TransCanada is currently obtaining commitments from interested Bakken producing companies wishing to utilize the Bakken Marketlink Project. This “binding Open Season” comes after a positive “expression of interest” and discussion phase which took place earlier this year. This additional pipeline access would give Bakken producers access to Oklahoma and Gulf refineries. TransCanada plans to follow through with appropriate regulatory procedures and have the project commenced in early 2013.
Current volumes of Bakken production can be accommodated without large losses in wellhead values. Three hundred and thirty-seven thousand barrels each day are sent via pipeline, 30,000 b/d are transported via rail, and 22,000 b/d are trucked north into Canada. While rail and trucking options allow companies to tap into niche markets and have allowed some to rapidly respond to production growth, pipelines are typically less expensive on average and are a more efficient mode of shipment. Additional pipeline access will play an important role in preventing deterioration in long-term wellhead values throughout the Bakken producing region.
EPRINC’s Estimation of Net Economic Benefits
Figure 10. Annual Benefits of Keystone XL to Gulf Coast Refiners and Bakken Producers
Appendix A: Alternative Markets for the Oil Sands
While a transportation system to export Canadian oil sands to other regions of the world has not been established, there has also not been a need to aggressively pursue alternative markets given the large U.S. market and relatively low cost transportation opportunity. Considering the oil sands enormous value to Canada, both in revenue and employment, denial of access to the U.S. market would result in an aggressive program to ship the resource to alternative markets.
Chinese involvement in the oil sands suggests a potential alternative market for the oil sands should the U.S. choose to decline or halt additional imports. In April 2010 China’s largest refiner, Sinopec, became a stakeholder in Syncrude Canada Ltd. by purchasing ConocoPhillips’ 9.03 percent share for $4.65 billion.
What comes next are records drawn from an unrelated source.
lemma norm_suminf_mult_le_split:
  fixes \<alpha> b :: "nat \<Rightarrow> 'a::{real_normed_div_algebra,banach}"
  assumes \<alpha>: "summable (\<lambda>k. norm (\<alpha> k))" and b: "\<And>k. norm (b k) \<le> c"
    and head: "\<And>k. k < K \<Longrightarrow> norm (b k) \<le> d" and "0 \<le> d"
  shows "norm (\<Sum>k. \<alpha> k * b k) \<le> (\<Sum>k. norm (\<alpha> k)) * d + (\<Sum>k. norm (\<alpha> (k + K))) * c"
proof -
  have tail: "summable (\<lambda>k. norm (\<alpha> (k + K)))"
    using summable_ignore_initial_segment[OF \<alpha>, of K] by simp
  have "(\<Sum>k. \<alpha> k * b k) = (\<Sum>k. \<alpha> (k + K) * b (k + K)) + (\<Sum>k<K. \<alpha> k * b k)"
    by (rule suminf_split_initial_segment[OF summable_mult_bounded(1)[OF \<alpha> b]])
  then have "norm (\<Sum>k. \<alpha> k * b k)
      \<le> norm (\<Sum>k. \<alpha> (k + K) * b (k + K)) + norm (\<Sum>k<K. \<alpha> k * b k)"
    by (simp add: norm_triangle_ineq)
  moreover have "norm (\<Sum>k. \<alpha> (k + K) * b (k + K)) \<le> (\<Sum>k. norm (\<alpha> (k + K))) * c"
    by (rule summable_mult_bounded(2)[OF tail b])
  moreover have "norm (\<Sum>k<K. \<alpha> k * b k) \<le> (\<Sum>k<K. norm (\<alpha> k)) * d"
    unfolding sum_distrib_right
    by (rule order_trans[OF norm_sum sum_mono]) (simp add: norm_mult head mult_left_mono)
  moreover have "(\<Sum>k<K. norm (\<alpha> k)) * d \<le> (\<Sum>k. norm (\<alpha> k)) * d"
    using sum_le_suminf[OF \<alpha>] \<open>0 \<le> d\<close> by (simp add: mult_right_mono)
  ultimately show ?thesis
    by linarith
qed

lemma fconvI:
  fixes m :: nat
  assumes "\<And>i. i < m \<Longrightarrow> 0 \<le> u i" "\<And>i. i < m \<Longrightarrow> g i \<in> S" "(\<Sum>i<m. u i) = 1"
  shows "(\<lambda>y. \<Sum>i<m. u i *\<^sub>R g i y) \<in> fconv S"
  unfolding fconv_def using assms by blast

lemma fconvE:
  assumes "h \<in> fconv S"
  obtains m :: nat and u g where "\<And>i. i < m \<Longrightarrow> 0 \<le> u i" "\<And>i. i < m \<Longrightarrow> g i \<in> S"
    "(\<Sum>i<m. u i) = 1" "h = (\<lambda>y. \<Sum>i<m. u i *\<^sub>R g i y)"
  using assms unfolding fconv_def by blast

lemma fconv_mono: "S \<subseteq> T \<Longrightarrow> fconv S \<subseteq> fconv T"
  unfolding fconv_def by blast

lemma wstar_closure_mono: "S \<subseteq> T \<Longrightarrow> wstar_closure D S \<subseteq> wstar_closure D T"
  unfolding wstar_closure_def by blast
lemma fconv_Union_mono:
  fixes W :: "nat \<Rightarrow> ('a \<Rightarrow> 'b::real_vector) set"
  assumes "mono W" and "h \<in> fconv (\<Union>m. W m)"
  shows "\<exists>N. h \<in> fconv (W N)"
proof -
  obtain p :: nat and u g where u: "\<And>i. i < p \<Longrightarrow> 0 \<le> u i" and g: "\<And>i. i < p \<Longrightarrow> g i \<in> (\<Union>m. W m)"
    and sum: "(\<Sum>i<p. u i) = 1" and h: "h = (\<lambda>y. \<Sum>i<p. u i *\<^sub>R g i y)"
    using assms(2) by (rule fconvE) (rule that)
  have "\<forall>i. \<exists>m. i < p \<longrightarrow> g i \<in> W m"
    using g by blast
  then obtain m where m: "\<And>i. i < p \<Longrightarrow> g i \<in> W (m i)"
    by metis
  have gN: "g i \<in> W (\<Sum>i<p. m i)" if "i < p" for i
  proof -
    have "m i \<le> (\<Sum>i<p. m i)"
      using that by (intro member_le_sum) auto
    then show ?thesis
      using m[OF that] monoD[OF assms(1)] by blast
  qed
  have "h \<in> fconv (W (\<Sum>i<p. m i))"
    unfolding h by (rule fconvI[OF u gN sum])
  then show ?thesis ..
qed

lemma bounded_linear_fconv:
  assumes "h \<in> fconv S" and "\<And>g. g \<in> S \<Longrightarrow> bounded_linear g"
  shows "bounded_linear h"
  using assms(1)
proof (rule fconvE)
  fix m :: nat and u g assume "\<And>i. i < m \<Longrightarrow> g i \<in> S" and h: "h = (\<lambda>y. \<Sum>i<m. u i *\<^sub>R g i y)"
  then show "bounded_linear h"
    using assms(2) by (auto intro!: bounded_linear_sum bounded_linear_const_scaleR)
qed

lemma onorm_fconv_le:
  assumes "h \<in> fconv S" and "\<And>g. g \<in> S \<Longrightarrow> bounded_linear g \<and> onorm g \<le> 1"
  shows "onorm h \<le> 1"
  using assms(1)
proof (rule fconvE)
  fix m :: nat and u g assume u: "\<And>i. i < m \<Longrightarrow> 0 \<le> u i" and g: "\<And>i. i < m \<Longrightarrow> g i \<in> S"
    and sum: "(\<Sum>i<m. u i) = 1" and h: "h = (\<lambda>y. \<Sum>i<m. u i *\<^sub>R g i y)"
  have "norm (h y) \<le> 1 * norm y" for y
  proof -
    have "norm (h y) \<le> (\<Sum>i<m. u i * norm (g i y))"
      unfolding h by (rule order_trans[OF norm_sum]) (simp add: u)
    also have "\<dots> \<le> (\<Sum>i<m. u i * norm y)"
    proof (rule sum_mono)
      fix i assume "i \<in> {..<m}"
      then have g_le: "norm (g i y) \<le> norm y"
        using onorm[of "g i" y] assms(2)[OF g, of i]
          mult_right_mono[of "onorm (g i)" 1 "norm y"] by auto
      show "u i * norm (g i y) \<le> u i * norm y"
        using u \<open>i \<in> {..<m}\<close> by (intro mult_left_mono[OF g_le]) auto
    qed
    finally show ?thesis
      using sum by (simp add: sum_distrib_right[symmetric])
  qed
  then show "onorm h \<le> 1"
    by (rule onorm_bound[rotated]) simp
qed

section \<open>A-means of a bounded sequence under functionals\<close>

lemma norm_apply_le_onorm:
  assumes "bounded_linear f" and "norm y \<le> R"
  shows "norm (f y) \<le> onorm f * R"
  using onorm[OF assms(1), of y] mult_left_mono[OF assms(2) onorm_pos_le[OF assms(1)]]
  by linarith

text \<open>The scalar map \<phi> is the identity for the complex dual and the embedding of the reals for the
  real dual.\<close>

locale shifted_A_means = \<phi>: bounded_linear \<phi>
  for \<phi> :: "'b::real_normed_vector \<Rightarrow> complex" +
  fixes a :: "nat \<Rightarrow> nat \<Rightarrow> complex"
    and xs :: "nat \<Rightarrow> 'a::real_normed_vector" and x :: 'a and M R :: real
  assumes summable_row: "summable (\<lambda>k. cmod (a n k))"
    and row_norm_le: "(\<Sum>k. cmod (a n k)) \<le> M"
    and norm_xs_le: "norm (xs j) \<le> R"
begin

definition deviation :: "nat \<Rightarrow> nat \<Rightarrow> ('a \<Rightarrow> 'b) \<Rightarrow> complex" where
  "deviation n l g = (\<Sum>k. a n k * \<phi> (g (xs (k + l)))) - \<phi> (g x)"

definition deviation_vanishes :: "('a \<Rightarrow> 'b) \<Rightarrow> bool" where
  "deviation_vanishes g \<longleftrightarrow> (\<forall>e>0. \<exists>N. \<forall>n\<ge>N. \<forall>l. cmod (deviation n l g) < e)"

lemma M_nonneg: "0 \<le> M"
  using suminf_nonneg[OF summable_row[of 0]] row_norm_le[of 0] by simp

lemma R_nonneg: "0 \<le> R"
  using norm_ge_zero[of "xs 0"] norm_xs_le[of 0] by linarith

lemma norm_\<phi>_apply_le:
  assumes "bounded_linear g" and "norm y \<le> c"
  shows "norm (\<phi> (g y)) \<le> onorm \<phi> * (onorm g * c)"
  by (rule norm_apply_le_onorm[OF \<phi>.bounded_linear_axioms norm_apply_le_onorm[OF assms]])

lemma summable_mean:
  assumes "bounded_linear g"
  shows "summable (\<lambda>k. a n k * \<phi> (g (xs (k + l))))"
  using summable_mult_bounded(1)[OF summable_row norm_\<phi>_apply_le[OF assms norm_xs_le]] .

lemma FA_convergent_iff_deviation_vanishes:
  assumes "bounded_linear g"
  shows "FA_convergent a (\<lambda>n. \<phi> (g (xs n))) (\<phi> (g x)) \<longleftrightarrow> deviation_vanishes g"
proof -
  have "Bseq (\<lambda>n. \<phi> (g (xs n)))"
    using norm_\<phi>_apply_le[OF assms norm_xs_le] by (rule BseqI')
  then show ?thesis
    unfolding FA_convergent_def deviation_vanishes_def deviation_def by simp
qed

lemma deviation_add:
  assumes "bounded_linear g" and "bounded_linear h"
  shows "deviation n l (\<lambda>y. g y + h y) = deviation n l g + deviation n l h"
proof -
  have "(\<Sum>k. a n k * \<phi> (g (xs (k + l)) + h (xs (k + l))))
      = (\<Sum>k. a n k * \<phi> (g (xs (k + l)))) + (\<Sum>k. a n k * \<phi> (h (xs (k + l))))"
    using suminf_add[OF summable_mean[OF assms(1)] summable_mean[OF assms(2)]]
    by (simp add: \<phi>.add distrib_left)
  then show ?thesis
    unfolding deviation_def by (simp add: \<phi>.add)
qed

lemma deviation_scaleR:
  assumes "bounded_linear g"
  shows "deviation n l (\<lambda>y. r *\<^sub>R g y) = of_real r * deviation n l g"
proof -
  have "(\<Sum>k. a n k * \<phi> (r *\<^sub>R g (xs (k + l)))) = of_real r * (\<Sum>k. a n k * \<phi> (g (xs (k + l))))"
    using suminf_mult[OF summable_mean[OF assms], of "of_real r"]
    by (simp add: \<phi>.scale scaleR_conv_of_real mult_ac)
  then show ?thesis
    unfolding deviation_def
    by (simp add: \<phi>.scale scaleR_conv_of_real right_diff_distrib)
qed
PetroChina agreed to buy a 60 percent stake in two oil sands properties (not yet developed, but with the potential to produce up to 50,000 b/d) from Athabasca Oil Sands Corp in the fall of 2009. In May of 2005 Sinopec purchased a 40 percent stake in Total SA’s undeveloped Northern Lights project for $105 million and the company purchased an additional 10 percent in April of 2009. CNOOC Ltd purchased 16.7 percent of MEG Energy Ltd, a privately held company working on oil sands developments in northern Alberta with prospects of 210,000 bpd, in April 2005. Also in April of 2005 Enbridge and PetroChina agreed to a planned pipeline which would send Canadian oil sands to the Pacific Coast of British Colombia. Enbridge is still in the planning phases of the pipeline, but PetroChina has since withdrawn from the project. Recent reports suggest lackluster enthusiasm from British Colombia municipal governments for such a pipeline as it would cross through their territories. They are widely opposed to an overland pipeline and well as tanker traffic along the coast. But if supplies to the U.S. hit a bottleneck, one can expected renewed interest in a Pacific export route.